Fiji is a Pacific paradise rich in culture and tradition, with pristine beaches, lush locales and wonderful places to explore. Located in the South Pacific Ocean, Fiji is comprised of more than 330 islands, but most expats who move to this idyllic archipelago choose to base themselves on the largest island Viti Levu, which is home to the capital, Suva.
Though it has a turbulent history, living in Fiji can be both exciting and rewarding. Since 1987, the political situation in Fiji has been somewhat volatile. But with the successful implementation of a new constitution in 2013 and the first peaceful democratic elections held in 2014, Fiji has started enjoying stability and a resurgence of employment opportunities.
Expats are often employed in education, tourism and the NGO sectors. That said, it can be difficult for foreigners to get a work permit for Fiji, so potential expats should ensure that they have their documentation ready before they move. Expat accommodation in Suva and Nadi is relatively expensive because of the limited supply, so it can often take time for new arrivals to find suitable accommodation.
Most expat jobs are based in Suva, Nadi or one of the many surrounding island resorts. For those based in Suva or Nadi, it’s easy to escape on the weekend. Expats can head to dozens of resorts sprinkled around Viti Levu, explore the island's remote jungle interior or travel to one of the smaller nearby islands. Many spend their weekends sailing, surfing or diving on the surrounding coral reefs.

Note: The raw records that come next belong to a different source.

(* Let $f,q\in\mathbb{R}[x_1,\dots,x_n]$ with $q\in\mathcal Q(1-x_1^2,\dots,1-x_n^2)_r$ and $r\ge\deg(f)$. Then \[ f+\|f-q\|_{1,\mathrm{cheb}}\in\mathcal Q(1-x_1^2,\dots,1-x_n^2)_{2r}. \]
   Context: $\Sigma[x]_r$ is the cone of sums of squares of polynomials in $x=(x_1,\dots,x_n)$ of total degree at most $r$; $\mathcal Q(1-x_1^2,\dots,1-x_n^2)_r=\Sigma[x]_r+\sum_{i=1}^n(1-x_i^2)\Sigma[x]_{r-2}$. $T_k(x)=\cos(k\arccos x)$ is the Chebyshev polynomial of the first kind; for $\alpha\in\mathbb{N}_0^n$, $T_\alpha(x)=\prod_iT_{\alpha_i}(x_i)$; for $p=\sum_\alpha p_\alpha T_\alpha$, $\|p\|_{1,\mathrm{cheb}}=\sum_\alpha|p_\alpha|$. *)

theory Defs
  imports Complex_Main "HOL-Library.Poly_Mapping"
begin

text \<open>Multivariate real polynomials: finitely supported maps from monomials
(exponent vectors nat =>0 nat, variable i has index i) to real coefficients.\<close>

type_synonym mpoly = "(nat \<Rightarrow>\<^sub>0 nat) \<Rightarrow>\<^sub>0 real"

definition mconst :: "real \<Rightarrow> mpoly" where
  "mconst c = Poly_Mapping.single 0 c"

definition mvar :: "nat \<Rightarrow> mpoly" where
  "mvar i = Poly_Mapping.single (Poly_Mapping.single i 1) 1"

definition vars_in :: "nat \<Rightarrow> mpoly \<Rightarrow> bool" where
  "vars_in n p \<longleftrightarrow> (\<forall>m\<in>Poly_Mapping.keys (p::mpoly). Poly_Mapping.keys m \<subseteq> {..<n})"

definition total_deg :: "mpoly \<Rightarrow> nat" where
  "total_deg (p::mpoly) = Max (insert 0 ((\<lambda>m. sum (Poly_Mapping.lookup m) (Poly_Mapping.keys m)) ` Poly_Mapping.keys p))"

text \<open>Sigma[x]_d: sums of squares of polynomials in n variables of degree at most d
(squares of polynomials g with 2 deg g <= d). d is an integer so that negative
degree bounds give the cone {0}.\<close>
definition sos_cone :: "nat \<Rightarrow> int \<Rightarrow> mpoly set" where
  "sos_cone n d = {sum_list (map (\<lambda>g. g * g) gs) | gs.
      \<forall>g\<in>set gs. vars_in n g \<and> 2 * int (total_deg g) \<le> d}"

definition quad_module :: "nat \<Rightarrow> nat \<Rightarrow> mpoly set" where
  "quad_module n r = {s0 + (\<Sum>i<n. (1 - mvar i * mvar i) * s i) | s0 s.
      s0 \<in> sos_cone n (int r) \<and> (\<forall>i<n. s i \<in> sos_cone n (int r - 2))}"

fun chebT :: "nat \<Rightarrow> nat \<Rightarrow> mpoly" where
  "chebT i 0 = 1"
| "chebT i (Suc 0) = mvar i"
| "chebT i (Suc (Suc k)) = 2 * mvar i * chebT i (Suc k) - chebT i k"

definition chebT_multi :: "(nat \<Rightarrow>\<^sub>0 nat) \<Rightarrow> mpoly" where
  "chebT_multi \<alpha> = (\<Prod>i\<in>Poly_Mapping.keys \<alpha>. chebT i (Poly_Mapping.lookup \<alpha> i))"

text \<open>Chebyshev coefficients: the unique finitely supported family c with
p = sum_alpha c_alpha T_alpha (the T_alpha form a basis).\<close>
definition cheb_coeffs :: "mpoly \<Rightarrow> (nat \<Rightarrow>\<^sub>0 nat) \<Rightarrow>\<^sub>0 real" where
  "cheb_coeffs p = (THE c. p = (\<Sum>\<alpha>\<in>Poly_Mapping.keys c. mconst (Poly_Mapping.lookup c \<alpha>) * chebT_multi \<alpha>))"

definition cheb_norm1 :: "mpoly \<Rightarrow> real" where
  "cheb_norm1 p = (\<Sum>\<alpha>\<in>Poly_Mapping.keys (cheb_coeffs p). \<bar>Poly_Mapping.lookup (cheb_coeffs p) \<alpha>\<bar>)"

end

theory Submission
  imports Defs
begin

(*
  Write p = f - q in the Chebyshev basis, p = sum_beta c_beta T_beta. The T_beta form a basis
  because T_beta is a nonzero multiple of x^beta plus monomials x^gamma with gamma < beta
  componentwise; since q in Q_r has degree at most r, so has p, hence |beta| <= r for every
  beta that occurs. Now f + ||p|| = q + sum_beta (c_beta T_beta + |c_beta|), and every summand
  is |c_beta| (1 +- T_beta). Telescoping the univariate Pell identity
  T_k^2 + (1 - x^2) U_(k-1)^2 = 1 over the variables gives
  1 - T_beta^2 = sum_i (1 - x_i^2) g_i^2 with deg g_i < |beta|, so that
  1 +- T_beta = (1 +- T_beta)^2/2 + (1 - T_beta^2)/2 lies in Q_2r.
*)

abbreviation lookup :: "('a \<Rightarrow>\<^sub>0 'b::zero) \<Rightarrow> 'a \<Rightarrow> 'b" where
  "lookup \<equiv> Poly_Mapping.lookup"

For those moving to Fiji with children, there are a few international schools in Suva and Nadi that teach foreign curricula. While Fiji has both public and private healthcare options, most expats use small private hospitals in Suva and Nadi. These offer a good basic standard of healthcare; however, they are limited in terms of their diagnostic, specialist and surgical abilities. Expats should therefore ensure they have health insurance that includes repatriation to hospitals in Australia and New Zealand, if necessary, especially in complicated or emergency cases.

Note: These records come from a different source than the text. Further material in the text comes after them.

(* In the abstract setting described in the context, let $u\in V\cap H^{k+1}(\Omega)$ be the solution of the forward problem, let $z:=0\in W$ (the exact solution of the adjoint problem with $g=0$), and let $(u_h,z_h)\in V_h\times W_h$ be a solution of the discrete problem. Assume (GO), (C1) and (A1) hold. Then \[ |\pi_V u-u_h|_{S_p}+|\pi_W z-z_h|_{S_a}\lesssim c_{a,\gamma}(1+c_a^2)^{1/2}\,h^k|u|_{H^{k+1}(\Omega)}+\epsilon(h)\|z_h\|. \] If moreover $s_p(u,w+w_h)=0$ for all $w\in W$ and $w_h\in W_h$, then \[ |u_h|_{S_p}+|z_h|_{S_a}\lesssim \big(c_{a,\gamma}+c_{a,\gamma}(1+c_a^2)^{1/2}\big)h^k|u|_{H^{k+1}(\Omega)}+\epsilon(h)\|z_h\|. \]
   Context: Let $\Omega\subset\mathbb{R}^d$ ($d=2,3$) be a polygonal/polyhedral domain and $\{\mathcal T_h\}_h$ a family of quasi-uniform, shape-regular triangulations of $\Omega$ with mesh size $h=\max_{K}\mathrm{diam}(K)$; $X_h^k$ denotes the continuous piecewise polynomials of degree $\le k$ ($k\ge1$) on $\mathcal T_h$. $(\cdot,\cdot)$, $\|\cdot\|$ are the $L^2(\Omega)$ inner product and norm. Let $V,W\subset H^1(\Omega)$ be subspaces and $a:V\times W\to\mathbb R$ a bilinear form. Forward problem: given $f\in L^2(\Omega)$ find $u\in V$ with $a(u,w)=(f,w)$ for all $w\in W$ (strong form $\mathcal L u=f$); adjoint problem: given $g$ find $z\in W$ with $a(v,z)=(g,v)$ for all $v\in V$ (strong form $\mathcal L^*z=g$). Let $V_h,W_h\subset X_h^k$ be finite element spaces, $a_h$ a bilinear form on $(V+V_h)\times(W+W_h)$, and $s_p$, $s_a$ symmetric positive semi-definite bilinear forms on $V+V_h$ and $W+W_h$ respectively, with semi-norms $|x|_{S_p}=s_p(x,x)^{1/2}$, $|x|_{S_a}=s_a(x,x)^{1/2}$. The discrete problem: find $(u_h,z_h)\in V_h\times W_h$ such that $a_h(u_h,w_h)+s_a(z_h,w_h)=(f,w_h)$ and $a_h(v_h,z_h)-s_p(u_h,v_h)=-s_p(u,v_h)$ for all $(v_h,w_h)\in V_h\times W_h$, where $u$ is the exact forward solution. Assumptions: (GO) $a_h(u-u_h,w_h)=s_a(z_h,w_h)$ for all $w_h\in W_h$ and $a_h(v_h,z-z_h)=s_p(u-u_h,v_h)$ for all $v_h\in V_h$. There are operators $\pi_V:V\to V_h$, $\pi_W:W\to W_h$, semi-norms $\|\cdot\|_+,\|\cdot\|_*,\|\cdot\|_{\mathcal L}$, constants $c_a,c_{a,\gamma}>0$ independent of $h$, and a function $\epsilon(h)\ge0$ such that: (C1) $a_h(v-\pi_Vv,x_h)\le\|v-\pi_Vv\|_+(c_a|x_h|_{S_a}+\epsilon(h)\|x_h\|)$ for all $v\in V\cap H^2(\Omega)$, $x_h\in W_h$; (A1) $\|v-\pi_Vv\|_{\mathcal L}+\|v-\pi_Vv\|_++|v-\pi_Vv|_{S_p}\le c_{a,\gamma}h^k|v|_{H^{k+1}(\Omega)}$ for all $v\in V\cap H^{k+1}(\Omega)$. The notation $A\lesssim B$ means $A\le CB$ with $C$ depending only on the mesh geometry and physical parameters, not on $h$. *)

theory Defs
  imports "HOL-Analysis.Analysis"
begin

definition msum :: "'a::ab_group_add set \<Rightarrow> 'a set \<Rightarrow> 'a set" where
  "msum A B = {a + b | a b. a \<in> A \<and> b \<in> B}"

definition bilinear_on :: "'a::real_vector set \<Rightarrow> 'b::real_vector set \<Rightarrow> ('a \<Rightarrow> 'b \<Rightarrow> real) \<Rightarrow> bool" where
  "bilinear_on A B b \<longleftrightarrow>
     (\<forall>x\<in>A. \<forall>y\<in>A. \<forall>w\<in>B. \<forall>c::real.
        b (x + y) w = b x w + b y w \<and> b (c *\<^sub>R x) w = c * b x w) \<and>
     (\<forall>x\<in>A. \<forall>w\<in>B. \<forall>w'\<in>B. \<forall>c::real.
        b x (w + w') = b x w + b x w' \<and> b x (c *\<^sub>R w) = c * b x w)"

definition sym_psd_on :: "'a::real_vector set \<Rightarrow> ('a \<Rightarrow> 'a \<Rightarrow> real) \<Rightarrow> bool" where
  "sym_psd_on A s \<longleftrightarrow> bilinear_on A A s \<and> (\<forall>x\<in>A. \<forall>y\<in>A. s x y = s y x) \<and> (\<forall>x\<in>A. 0 \<le> s x x)"

definition snorm :: "('a \<Rightarrow> 'a \<Rightarrow> real) \<Rightarrow> 'a \<Rightarrow> real" where
  "snorm s x = sqrt (s x x)"

definition seminorm_on :: "'a::real_vector set \<Rightarrow> ('a \<Rightarrow> real) \<Rightarrow> bool" where
  "seminorm_on A p \<longleftrightarrow> (\<forall>x\<in>A. 0 \<le> p x) \<and> (\<forall>x\<in>A. \<forall>c::real. p (c *\<^sub>R x) = \<bar>c\<bar> * p x)
      \<and> (\<forall>x\<in>A. \<forall>y\<in>A. p (x + y) \<le> p x + p y)"

definition linear_on :: "'a::real_vector set \<Rightarrow> ('a \<Rightarrow> 'b::real_vector) \<Rightarrow> bool" where
  "linear_on A p \<longleftrightarrow> (\<forall>x\<in>A. \<forall>y\<in>A. \<forall>c d::real. p (c *\<^sub>R x + d *\<^sub>R y) = c *\<^sub>R p x + d *\<^sub>R p y)"

end

theory Submission
  imports Defs
begin

text \<open>Split the error as \<open>u - u\<^sub>h = \<eta> + e\<close> with the interpolation error \<open>\<eta> = u - \<pi>\<^sub>V u\<close> and
  the discrete error \<open>e = \<pi>\<^sub>V u - u\<^sub>h \<in> V\<^sub>h\<close>. Testing the two Galerkin orthogonalities (GO) with
  \<open>z\<^sub>h\<close> and \<open>e\<close> gives \<open>|e|\<^sup>2\<^sub>S\<^sub>p + |z\<^sub>h|\<^sup>2\<^sub>S\<^sub>a = a\<^sub>h(\<eta>, z\<^sub>h) - s\<^sub>p(\<eta>, e)\<close>. Bounding the first term by (C1),
  the second by Cauchy-Schwarz, and all norms of \<open>\<eta>\<close> by (A1) leaves a quadratic inequality in
  \<open>|e|\<^sub>S\<^sub>p\<close> and \<open>|z\<^sub>h|\<^sub>S\<^sub>a\<close>, which gives the first estimate. If \<open>s\<^sub>p(u, \<cdot>)\<close> vanishes, then
  \<open>|u\<^sub>h|\<^sub>S\<^sub>p = |u - u\<^sub>h|\<^sub>S\<^sub>p \<le> |\<eta>|\<^sub>S\<^sub>p + |e|\<^sub>S\<^sub>p\<close>, which gives the second.\<close>

lemma subspace_msum:
  assumes A: "subspace A" and B: "subspace B"
  shows "subspace (msum A B)"
  unfolding subspace_def
proof (intro conjI ballI allI)
  show "0 \<in> msum A B"
    unfolding msum_def using subspace_0[OF A] subspace_0[OF B] by force
next
  fix x y assume "x \<in> msum A B" "y \<in> msum A B"
  then obtain a b c d where "x = a + b" "y = c + d" "a \<in> A" "b \<in> B" "c \<in> A" "d \<in> B"
    unfolding msum_def by blast
  moreover have "x + y = (a + c) + (b + d)" using calculation by (simp add: algebra_simps)
  ultimately show "x + y \<in> msum A B"
    unfolding msum_def using subspace_add[OF A] subspace_add[OF B] by blast
next
  fix r :: real and x assume "x \<in> msum A B"
  then obtain a b where "x = a + b" "a \<in> A" "b \<in> B" unfolding msum_def by blast
  then show "r *\<^sub>R x \<in> msum A B"
    unfolding msum_def using subspace_scale[OF A] subspace_scale[OF B]
    by (metis (mono_tags, lifting) mem_Collect_eq scaleR_right_distrib)
qed

lemma mem_msum_left: "subspace B \<Longrightarrow> x \<in> A \<Longrightarrow> x \<in> msum A B"
  unfolding msum_def by (metis (mono_tags, lifting) add.right_neutral mem_Collect_eq subspace_0)

lemma mem_msum_right: "subspace A \<Longrightarrow> x \<in> B \<Longrightarrow> x \<in> msum A B"
  unfolding msum_def by (metis (mono_tags, lifting) add_0 mem_Collect_eq subspace_0)

lemma linear_on_0: "linear_on A p \<Longrightarrow> 0 \<in> A \<Longrightarrow> p 0 = 0"
  unfolding linear_on_def by (metis scale_zero_left add_0)

lemma bilinear_on_add_left:
  "bilinear_on A B b \<Longrightarrow> x \<in> A \<Longrightarrow> y \<in> A \<Longrightarrow> w \<in> B \<Longrightarrow> b (x + y) w = b x w + b y w"
  unfolding bilinear_on_def by blast

lemma bilinear_on_scaleR_left:
  "bilinear_on A B b \<Longrightarrow> x \<in> A \<Longrightarrow> w \<in> B \<Longrightarrow> b (c *\<^sub>R x) w = c * b x w"
  unfolding bilinear_on_def by blast

lemma bilinear_on_add_right:
  "bilinear_on A B b \<Longrightarrow> x \<in> A \<Longrightarrow> w \<in> B \<Longrightarrow> w' \<in> B \<Longrightarrow> b x (w + w') = b x w + b x w'"
  unfolding bilinear_on_def by blast

lemma bilinear_on_scaleR_right:
  "bilinear_on A B b \<Longrightarrow> x \<in> A \<Longrightarrow> w \<in> B \<Longrightarrow> b x (c *\<^sub>R w) = c * b x w"
  unfolding bilinear_on_def by blast

lemma bilinear_on_minus_right:
  "bilinear_on A B b \<Longrightarrow> x \<in> A \<Longrightarrow> w \<in> B \<Longrightarrow> b x (- w) = - b x w"
  using bilinear_on_scaleR_right[of A B b x w "-1"] by simp

lemma bilinear_on_diff_left:
  assumes "subspace A" "bilinear_on A B b" "x \<in> A" "y \<in> A" "w \<in> B"
  shows "b (x - y) w = b x w - b y w"
  using assms bilinear_on_add_left[of A B b x "(-1) *\<^sub>R y" w] bilinear_on_scaleR_left[of A B b y w "-1"]
  by (simp add: subspace_neg)

lemma bilinear_on_diff_right:
  assumes "subspace B" "bilinear_on A B b" "x \<in> A" "w \<in> B" "w' \<in> B"
  shows "b x (w - w') = b x w - b x w'"
  using assms bilinear_on_add_right[of A B b x w "(-1) *\<^sub>R w'"] bilinear_on_scaleR_right[of A B b x w' "-1"]
  by (simp add: subspace_neg)

lemma sym_psd_on_cauchy_schwarz:
  assumes A: "subspace A" and s: "sym_psd_on A s" and x: "x \<in> A" and y: "y \<in> A"
  shows "(s x y)\<^sup>2 \<le> s x x * s y y"
proof -
  have bil: "bilinear_on A A s" and sym: "s y x = s x y" and psd: "\<And>v. v \<in> A \<Longrightarrow> 0 \<le> s v v"
    using s x y unfolding sym_psd_on_def by auto
  have quad: "0 \<le> s x x + 2 * t * s x y + t\<^sup>2 * s y y" for t
  proof -
    have ty: "t *\<^sub>R y \<in> A" using A y by (simp add: subspace_scale)
    have "0 \<le> s (x + t *\<^sub>R y) (x + t *\<^sub>R y)" using A x ty by (simp add: psd subspace_add)
    also have "\<dots> = s x x + 2 * t * s x y + t\<^sup>2 * s y y"
      using A x y ty sym
      by (simp add: bilinear_on_add_left[OF bil] bilinear_on_add_right[OF bil] subspace_add
          bilinear_on_scaleR_left[OF bil] bilinear_on_scaleR_right[OF bil] power2_eq_square algebra_simps)
    finally show ?thesis .
  qed
  show ?thesis
  proof (cases "s y y = 0")
    case True
    have "s x y = 0"
    proof (rule ccontr)
      assume ne: "s x y \<noteq> 0"
      from quad[of "- (s x x + 1) / (2 * s x y)"] True ne show False by (simp add: field_simps)
    qed
    with True show ?thesis by simp
  next
    case False
    then have pos: "0 < s y y" using psd[OF y] by simp
    have "0 \<le> s x x + 2 * (- s x y / s y y) * s x y + (- s x y / s y y)\<^sup>2 * s y y" by (rule quad)
    also have "\<dots> = s x x - (s x y)\<^sup>2 / s y y" using pos by (simp add: field_simps power2_eq_square)
    finally show ?thesis using pos by (simp add: field_simps)
  qed
qed

lemma snorm_nonneg: "sym_psd_on A s \<Longrightarrow> x \<in> A \<Longrightarrow> 0 \<le> snorm s x"
  unfolding sym_psd_on_def snorm_def by simp

lemma power2_snorm: "sym_psd_on A s \<Longrightarrow> x \<in> A \<Longrightarrow> (snorm s x)\<^sup>2 = s x x"
  unfolding sym_psd_on_def snorm_def by simp

lemma abs_le_snorm_mult:
  assumes "subspace A" "sym_psd_on A s" "x \<in> A" "y \<in> A"
  shows "\<bar>s x y\<bar> \<le> snorm s x * snorm s y"
proof -
  have "\<bar>s x y\<bar> = sqrt ((s x y)\<^sup>2)" by simp
  also have "\<dots> \<le> sqrt (s x x * s y y)"
    using sym_psd_on_cauchy_schwarz[OF assms] by (rule real_sqrt_le_mono)
  finally show ?thesis by (simp add: snorm_def real_sqrt_mult)
qed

Though not perfect, Fiji has a lot to offer adventurous expats. Its unique mix of cultures, natural beauty and tropical lifestyle make Fiji a great destination for those looking for something different.
Full name: Republic of Fiji
Population: About 900,000
Capital city: Suva
Neighbouring countries: Fiji is completely surrounded by the Atlantic Ocean. Major neighbours include New Zealand far to the south, Australia is to the west and Papua New Guinea to the northwest.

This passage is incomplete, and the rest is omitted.